**Exercise:**
Each line below with the string "msrc" should be copied.

**Information shown:**
(* Let $f(x;w)$ be a vanilla fully connected ReLU network, a ResNet, or a DenseNet with i.i.d. standard normal weights, let $x\neq0$, let $W^{\mathbf{k}}$ be any weight matrix of $f$, and let $p>0$. Then $$\mathbb{E}\big[\|J^{\mathbf{k}}\|_2^p\big]=\mathbb{E}\left[\left\|\frac{\partial f_{\mathbf{k}}(x;w)}{\partial W^{\mathbf{k}}}\right\|_2^p\right],$$ where $J^{\mathbf{k}}=\frac{\partial f(x;w)}{\partial W^{\mathbf{k}}}$ and $\|\cdot\|_2$ is the Frobenius norm.
   Context: $\phi(t)=\max(0,t)$. Vanilla: $y^0=\frac{1}{\sqrt{n_0}}W^0x$, $y^l=\sqrt2\phi(\frac{1}{\sqrt{n_{l-1}}}W^ly^{l-1})$, $f=\frac{1}{\sqrt{n_L}}W^{L+1}y^L$. ResNet: $y^0=\frac{1}{\sqrt{n_0}}W^0x$; $y^l=y^{l-1}+\sqrt{\alpha_l}\,y^{l-1,m}$ with $y^{l-1,1}=\frac{1}{\sqrt{n_{l-1}}}W^{l,1}y^{l-1}$, $y^{l-1,h}=\frac{1}{\sqrt{n_{l-1,h-1}}}W^{l,h}q^{l-1,h-1}$ ($1<h\le m$), $q^{l-1,h}=\sqrt2\phi(y^{l-1,h})$, $\alpha_l>0$; $f=\frac{1}{\sqrt{n_L}}W^Ly^L$. DenseNet: $y^0=\frac{1}{\sqrt{n_0}}W^0x$, $y^l=\sqrt{\frac{\alpha}{n_{l-1}l}}\sum_{h=0}^{l-1}W^{l,h}q^h$, $q^h=\sqrt2\phi(y^h)$, $\alpha>0$; $f=\frac{1}{\sqrt{n_L}}W^Ly^L$. Dimensions compatible. Path decomposition: $f(x;w)=\sum_{\gamma\in S}c_\gamma z_\gamma\prod_{l=1}^{|\gamma|}w_{\gamma,l}$, where $S$ is the set of input-to-output paths in the computation graph, $w_{\gamma,l}$ the weights along $\gamma$, $c_\gamma$ the constant factors, and $z_\gamma\in\{0,1\}$ the indicator that all ReLUs along $\gamma$ are active at $(x,w)$. With $S_{\mathbf{k}}$ the paths using a weight of $W^{\mathbf{k}}$, $f_{\mathbf{k}}(x;w)=\sum_{\gamma\in S_{\mathbf{k}}}c_\gamma z_\gamma\prod_l w_{\gamma,l}$. Derivatives are taken where they exist (almost everywhere). *)

theory Defs
  imports "HOL-Probability.Probability"
begin

text \<open>Stages are numbered 0,1,...; stage 0 holds the input x, stage nst is the
 scalar output (coordinate 0).  Each stage s has width dim s; if act s holds, the
 stage feeds its successors through q = sqrt 2 * max 0 y (a ReLU unit), otherwise
 it feeds its raw value.  Weight matrices W^k (k in mats) map stage msrc k to stage
 mdst k with scalar constant mcoef k; W^k has dim (mdst k) rows and dim (msrc k)
 columns.  Skip connections (s,t,c) add c times the output of stage s to stage t.\<close>

record 'k net =
  nst :: nat
  dim :: "nat \<Rightarrow> nat"
  act :: "nat \<Rightarrow> bool"
  mats :: "'k set"
  msrc :: "'k \<Rightarrow> nat"
  mdst :: "'k \<Rightarrow> nat"
  mcoef :: "'k \<Rightarrow> real"
  skips :: "(nat \<times> nat \<times> real) list"

text \<open>Weights: w (k,j,i) is entry (j,i) of W^k.\<close>
type_synonym 'k weights = "'k \<times> nat \<times> nat \<Rightarrow> real"

definition relu :: "real \<Rightarrow> real" where "relu t = max 0 t"

definition stage_out :: "'k net \<Rightarrow> (nat \<Rightarrow> nat \<Rightarrow> real) \<Rightarrow> nat \<Rightarrow> nat \<Rightarrow> real" where
  "stage_out N v s i = (if act N s then sqrt 2 * relu (v s i) else v s i)"

definition stage_lin :: "'k net \<Rightarrow> 'k weights \<Rightarrow> (nat \<Rightarrow> nat \<Rightarrow> real) \<Rightarrow> nat \<Rightarrow> nat \<Rightarrow> real" where
  "stage_lin N w ov t j =
     (\<Sum>k\<in>mats N. if mdst N k = t \<and> msrc N k < t
        then mcoef N k * (\<Sum>i<dim N (msrc N k). w (k, j, i) * ov (msrc N k) i) else 0)
   + (\<Sum>(s, t', c)\<leftarrow>skips N. if t' = t \<and> s < t then c * ov s j else 0)"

**Solution to this problem:**
 it feeds its raw value.  Weight matrices W^k (k in mats) map stage msrc k to stage
 mdst k with scalar constant mcoef k; W^k has dim (mdst k) rows and dim (msrc k)
  msrc :: "'k \<Rightarrow> nat"
     (\<Sum>k\<in>mats N. if mdst N k = t \<and> msrc N k < t
        then mcoef N k * (\<Sum>i<dim N (msrc N k). w (k, j, i) * ov (msrc N k) i) else 0)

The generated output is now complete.